BEGIN Available records

(* Let $X\in\mathbb{R}^{d\times n}$, $\rho>0$, and let $(\beta_k)_{k\ge0}$ be positive numbers with $\sum_k \frac{\beta_{k+1}}{\beta_k^2}<\infty$ and $\sum_k\frac{1}{\beta_k}<\infty$. Let $F(Z)=\log\det(I+Z^TZ)$ for $Z\in\mathbb{R}^{n\times n}$ and $$L(Z,W,Y,\beta)=F(Z)+\rho\|X-XW\|_F^2+\frac{\beta}{2}\|Z-W\|_F^2+\mathrm{Tr}(Y^T(Z-W)).$$ Let $Z_0\in\mathbb{R}^{n\times n}$, $Y_0=0$, and for $k\ge 0$ define $W_{k+1}=(\beta_k I+2\rho X^TX)^{-1}(2\rho X^TX+Y_k+\beta_k Z_k)$ (the minimizer of $W\mapsto L(Z_k,W,Y_k,\beta_k)$), let $Z_{k+1}$ be a global minimizer of $Z\mapsto L(Z,W_{k+1},Y_k,\beta_k)$, and set $Y_{k+1}=Y_k+\beta_k(Z_{k+1}-W_{k+1})$. Then the sequences $\{W_k\}$ and $\{Z_k\}$ are bounded.
   Context: $I$ is the $n\times n$ identity matrix, $\|\cdot\|_F$ the Frobenius norm, $\mathrm{Tr}$ the trace. *)

theory Defs
  imports "HOL-Analysis.Analysis"
begin

definition frob_norm :: "real^'c^'r \<Rightarrow> real" where
  "frob_norm A = sqrt (\<Sum>i\<in>UNIV. \<Sum>j\<in>UNIV. (A $ i $ j)^2)"

definition logdetF :: "real^'n^'n \<Rightarrow> real" where
  "logdetF Z = ln (det (mat 1 + transpose Z ** Z))"

definition augL :: "real \<Rightarrow> real^'n^'d \<Rightarrow> real^'n^'n \<Rightarrow> real^'n^'n \<Rightarrow> real^'n^'n \<Rightarrow> real \<Rightarrow> real" where
  "augL \<rho> X Z W Y \<beta> = logdetF Z + \<rho> * (frob_norm (X - X ** W))^2
     + \<beta> / 2 * (frob_norm (Z - W))^2 + trace (transpose Y ** (Z - W))"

END Available records

Action item> The listing above should be returned in full, exactly as shown.

Response to this task>
(* Let $X\in\mathbb{R}^{d\times n}$, $\rho>0$, and let $(\beta_k)_{k\ge0}$ be positive numbers with $\sum_k \frac{\beta_{k+1}}{\beta_k^2}<\infty$ and $\sum_k\frac{1}{\beta_k}<\infty$. Let $F(Z)=\log\det(I+Z^TZ)$ for $Z\in\mathbb{R}^{n\times n}$ and $$L(Z,W,Y,\beta)=F(Z)+\rho\|X-XW\|_F^2+\frac{\beta}{2}\|Z-W\|_F^2+\mathrm{Tr}(Y^T(Z-W)).$$ Let $Z_0\in\mathbb{R}^{n\times n}$, $Y_0=0$, and for $k\ge 0$ define $W_{k+1}=(\beta_k I+2\rho X^TX)^{-1}(2\rho X^TX+Y_k+\beta_k Z_k)$ (the minimizer of $W\mapsto L(Z_k,W,Y_k,\beta_k)$), let $Z_{k+1}$ be a global minimizer of $Z\mapsto L(Z,W_{k+1},Y_k,\beta_k)$, and set $Y_{k+1}=Y_k+\beta_k(Z_{k+1}-W_{k+1})$. Then the sequences $\{W_k\}$ and $\{Z_k\}$ are bounded.
   Context: $I$ is the $n\times n$ identity matrix, $\|\cdot\|_F$ the Frobenius norm, $\mathrm{Tr}$ the trace. *)

theory Defs
  imports "HOL-Analysis.Analysis"
begin

definition frob_norm :: "real^'c^'r \<Rightarrow> real" where
  "frob_norm A = sqrt (\<Sum>i\<in>UNIV. \<Sum>j\<in>UNIV. (A $ i $ j)^2)"

definition logdetF :: "real^'n^'n \<Rightarrow> real" where
  "logdetF Z = ln (det (mat 1 + transpose Z ** Z))"

definition augL :: "real \<Rightarrow> real^'n^'d \<Rightarrow> real^'n^'n \<Rightarrow> real^'n^'n \<Rightarrow> real^'n^'n \<Rightarrow> real \<Rightarrow> real" where
  "augL \<rho> X Z W Y \<beta> = logdetF Z + \<rho> * (frob_norm (X - X ** W))^2
     + \<beta> / 2 * (frob_norm (Z - W))^2 + trace (transpose Y ** (Z - W))"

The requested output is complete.